The data file drugcost.lsp can be obtained from the class web page. On Linux, type (load "drugcost"). The data includes the response, three primary predictors of interest, and with a few other variables that characterize the health plan:

COST = Ave. cost to plan for 1 prescription for 1 day, THE RESPONSE
RXPM = Number of prescriptions per member per year
GS = % generic substitution
RI = Restrictiveness index (0=none, 100=total)
OC = 1 if oral contraceptives are covered, 0 else
COPAY = Average prescription co-payment AGE = Average age
F = % female members
MM = Member months = number of members * average number of months per member
ID = Plan name
The variable RXPM measures the overall use of drugs by the health plan; larger values mean more drug use.
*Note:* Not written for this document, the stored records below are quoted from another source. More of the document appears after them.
lemma full_cond_prob_lps_cond:
  fixes l :: "nat \<Rightarrow> 'w \<Rightarrow> real"
  assumes nn: "\<And>k w. w \<in> \<Omega> \<Longrightarrow> 0 \<le> l k w" and cov: "\<forall>w\<in>\<Omega>. \<exists>k. 0 < l k w" and fin: "finite \<Omega>"
  shows "full_cond_prob \<Omega> (lps_cond l)"
  unfolding full_cond_prob_def
proof (intro conjI allI impI)
  fix B assume B: "B \<subseteq> \<Omega>" "B \<noteq> {}"
  have finB: "finite B" using fin B finite_subset by auto
  obtain k where k: "0 < sum (l k) B" "\<forall>k'<k. \<forall>w\<in>B. l k' w = 0"
    and eq: "\<forall>A. lps_cond l A B = sum (l k) (A \<inter> B) / sum (l k) B"
    by (rule lps_first_charging_layer[OF nn cov fin B])
  show "0 \<le> lps_cond l A B" for A
    unfolding eq[rule_format] using k B by (intro divide_nonneg_pos sum_nonneg nn) auto
  show "lps_cond l \<Omega> B = 1" "lps_cond l B B = 1"
    unfolding eq[rule_format] using k B by (simp_all add: Int_absorb1)
  show "lps_cond l (A \<union> A') B = lps_cond l A B + lps_cond l A' B" if "A \<inter> A' = {}" for A A'
  proof -
    have "sum (l k) ((A \<union> A') \<inter> B) = sum (l k) (A \<inter> B) + sum (l k) (A' \<inter> B)"
      using finB that by (subst sum.union_disjoint[symmetric]) (auto intro: sum.cong)
    then show ?thesis unfolding eq[rule_format] by (simp add: add_divide_distrib)
  qed
qed (rule lps_cond_mult[OF nn cov fin])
MM is a measure of the size of the plan.

What to turn in The question you are to answer is: How to CoPay, GS and RI impact prescription drug costs? Your solution should consist of two parts, a ``Summary" and ``Supporting Evidence." The summary will consist of: (1) a statement of your conclusions, with relevant summary statistics and probability statements. This should be at most 300 words. Your conclusions may be equivocal: for example, they might depend on whether or not a specific case is treated as an outlier. (2) AT MOST two graphical or numerical displays that are designed to convince someone familiar with statistical analysis that your analysis is sound, and that your conclusions are justified. Just giving a graph is NOT enough: you must explain what the graph shows and why it is interesting.

Your supporting evidence will consist of: (1) AT MOST 500 words explaining how you got your answer, with up to five figures/tables that support your text. Unlabeled or unreferenced computer output will count against you. Word limits will be strictly enforced.


S Weisberg
2001-12-14